Même si plus de 70 % de la superficie terrestre est couverte d'eau, 0,008 % à peine de ce volume est constitué d'eau liquide et potable. Une quantité censée pourvoir aux besoins vitaux de plus de 7 milliards de personnes. Or, le nombre d'êtres humains ne cesse de croître et la pollution industrielle, les maladies et le réchauffement climatique contribuent à la raréfaction de l'eau " consommable ". Contrairement au pétrole, par exemple, auquel peuvent se substituer l'énergie solaire et l'énergie éolienne, l'humanité ne dispose d'aucune solution de rechange dans le cas de l'or bleu.

Quinze pour cent à peine de l'approvisionnement en eau dans le monde est assuré par des entreprises privées.

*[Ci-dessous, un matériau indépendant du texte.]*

(* Consider the uncertain system \[ \dot x = f(x) + g(x)u + \varphi(x,u)\theta,\qquad \varphi(x,u)=[F(x)\;\; G(x)\,\mathrm{diag}(u)]\in\mathbb{R}^{n\times(p+m)}, \] with input $u\in\mathcal{U}\subseteq\mathbb{R}^m$, known locally Lipschitz $f,g$, known $F:\mathbb{R}^n\to\mathbb{R}^{n\times p}$, $G:\mathbb{R}^n\to\mathbb{R}^{n\times m}$, and unknown $\theta\in\mathbb{R}^{p+m}$ lying in a known hyperrectangle $\Theta=[\underline{\theta}_1,\overline{\theta}_1]\times\cdots\times[\underline{\theta}_{p+m},\overline{\theta}_{p+m}]$. Let $\{\Xi_k\}_{k\ge0}$ be the sequence of parameter sets generated by the integral set-membership identification scheme described below. Let $h:\mathbb{R}^n\to\mathbb{R}$ be continuously differentiable, $\mathcal{C}=\{x:h(x)\ge0\}$, and suppose there is an extended class $\mathcal{K}$ function $\alpha$ such that for all $x\in\mathcal{C}$ \[ \sup_{u\in\mathcal{U}}\inf_{\theta\in\Theta}\dot h(x,u,\theta)\ge-\alpha(h(x)),\qquad \dot h(x,u,\theta)=L_fh(x)+L_gh(x)u+L_\varphi h(x,u)\theta. \] Then $\sup_{u\in\mathcal{U}}\inf_{\theta\in\Xi_k}\dot h(x,u,\theta)\ge-\alpha(h(x))$ for all $x\in\mathcal{C}$ and all $k\in\mathbb{Z}_{\ge0}$.
   Context: $L_fh=\nabla h\, f$, $L_gh=\nabla h\, g$, $L_\varphi h(x,u)=\nabla h(x)\varphi(x,u)$. Extended class $\mathcal{K}$: continuous strictly increasing $\alpha:\mathbb{R}\to\mathbb{R}$ with $\alpha(0)=0$. The identification scheme: let $x(\cdot)$ be a solution under an input signal $u(\cdot)$; fix $\Delta t>0$ and for $t\ge\Delta t$ let $\Delta x(t)=\int_{t-\Delta t}^t\dot x\,ds$, $\mathcal{F}(t)=\int_{t-\Delta t}^t f(x(s))ds$, $\mathcal{G}(t)=\int_{t-\Delta t}^t g(x(s))u(s)ds$, $\mathcal{S}(t)=\int_{t-\Delta t}^t\varphi(x(s),u(s))ds$. Let $\{t_k\}$ be strictly increasing with $t_0=0$; at time $t$ a history stack $\{\Delta x_j(t),\mathcal{F}_j(t),\mathcal{G}_j(t),\mathcal{S}_j(t)\}_{j\in\mathcal{M}(t)}$ consists of values of $(\Delta x,\mathcal{F},\mathcal{G},\mathcal{S})$ recorded at times in $[\Delta t,t]$. With $\varepsilon>0$, $\Xi_0=\Theta$, and for $k\ge1$, $\Xi_k=\prod_i[\underline\theta_i^k,\overline\theta_i^k]$ where $\underline\theta_i^k$ (resp. $\overline\theta_i^k$) is the minimum (resp. maximum) of $\theta_i$ over $\theta\in\Xi_{k-1}$ satisfying $-\varepsilon\mathbf{1}_n\le\Delta x_j(t_k)-\mathcal{F}_j(t_k)-\mathcal{G}_j(t_k)-\mathcal{S}_j(t_k)\theta\le\varepsilon\mathbf{1}_n$ for all $j\in\mathcal{M}(t_k)$ ($\mathbf{1}_n$ the vector of ones, inequalities componentwise). *)

theory Defs
  imports "HOL-Analysis.Analysis" "HOL-Library.Extended_Real"
begin

text \<open>Regressor phi(x,u) = [F(x)  G(x) diag(u)], an n x (p+m) matrix; columns indexed by 'p + 'm.\<close>
definition phi :: "(real^'n \<Rightarrow> real^'p^'n) \<Rightarrow> (real^'n \<Rightarrow> real^'m^'n)
                   \<Rightarrow> real^'n \<Rightarrow> real^'m \<Rightarrow> real^('p + 'm)^'n" where
  "phi F G y u = (\<chi> i. \<chi> j. (case j of Inl a \<Rightarrow> F y $ i $ a | Inr b \<Rightarrow> G y $ i $ b * u $ b))"

definition Lf :: "(real^'n \<Rightarrow> real^'n) \<Rightarrow> (real^'n \<Rightarrow> real^'n) \<Rightarrow> real^'n \<Rightarrow> real" where
  "Lf Dh f y = Dh y \<bullet> f y"
definition Lg :: "(real^'n \<Rightarrow> real^'n) \<Rightarrow> (real^'n \<Rightarrow> real^'m^'n) \<Rightarrow> real^'n \<Rightarrow> real^'m" where
  "Lg Dh g y = transpose (g y) *v Dh y"
definition Lphi :: "(real^'n \<Rightarrow> real^'n) \<Rightarrow> (real^'n \<Rightarrow> real^'q^'n) \<Rightarrow> real^'n \<Rightarrow> real^'q" where
  "Lphi Dh Phi y = transpose (Phi y) *v Dh y"

definition hdot :: "(real^'n \<Rightarrow> real^'n) \<Rightarrow> (real^'n \<Rightarrow> real^'n) \<Rightarrow> (real^'n \<Rightarrow> real^'m^'n)
     \<Rightarrow> (real^'n \<Rightarrow> real^'p^'n) \<Rightarrow> (real^'n \<Rightarrow> real^'m^'n)
     \<Rightarrow> real^'n \<Rightarrow> real^'m \<Rightarrow> real^('p+'m) \<Rightarrow> real" where
  "hdot Dh f g F G y u th =
     Lf Dh f y + Lg Dh g y \<bullet> u + Lphi Dh (\<lambda>z. phi F G z u) y \<bullet> th"

definition ext_class_K :: "(real \<Rightarrow> real) \<Rightarrow> bool" where
  "ext_class_K \<alpha> \<longleftrightarrow> continuous_on UNIV \<alpha> \<and> strict_mono \<alpha> \<and> \<alpha> 0 = 0"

D'après les chiffres publiés par ONU-Eau, la consommation excessive est extrêmement néfaste. Ainsi, avons-nous par exemple perdu au siècle passé plus de la moitié de nos marécages. Alors qu'il y a 100 ans, les fleuves se jetaient sans la moindre difficulté dans les mers, il n'est désormais pas rare qu'ils soient asséchés bien avant d'atteindre leur estuaire. Le réchauffement climatique n'est pas étranger à ce phénomène. Il diminue les précipitations dans certaines régions, tout en accroissant les risques d'inondation dans d'autres. Les prévisions sont surnaturelles. Selon le Groupe d'experts intergouvernemental sur l'évolution du climat (GIEC), les pluies dans le sud de l'Europe seront, au cours de la deuxième moitié de ce siècle, 40 % moins abondantes qu'aujourd'hui.

On le voit : l'approvisionnement en eau n'est pas un problème propre aux pays émergents. Il y a quelques années, le Forum économique mondial pointait du doigt le mauvais état des canalisations, responsables de 30 à 40 % des pertes d'eau en Occident ; une situation dont il rend responsable notre infrastructure urbaine, construite au tournant du 19e siècle et insuffisamment entretenue. Guy Janssens, directeur des investissements durables chez BNP Paribas Fortis, aime à rappeler qu'à Londres, l'équivalent de 30 piscines olympiques est gaspillé chaque jour à cause de fuites. La capitale britannique, par exemple, compte non moins de 32.000 km de canalisations, qui nécessitent d'être remplacés (des travaux désormais entamés).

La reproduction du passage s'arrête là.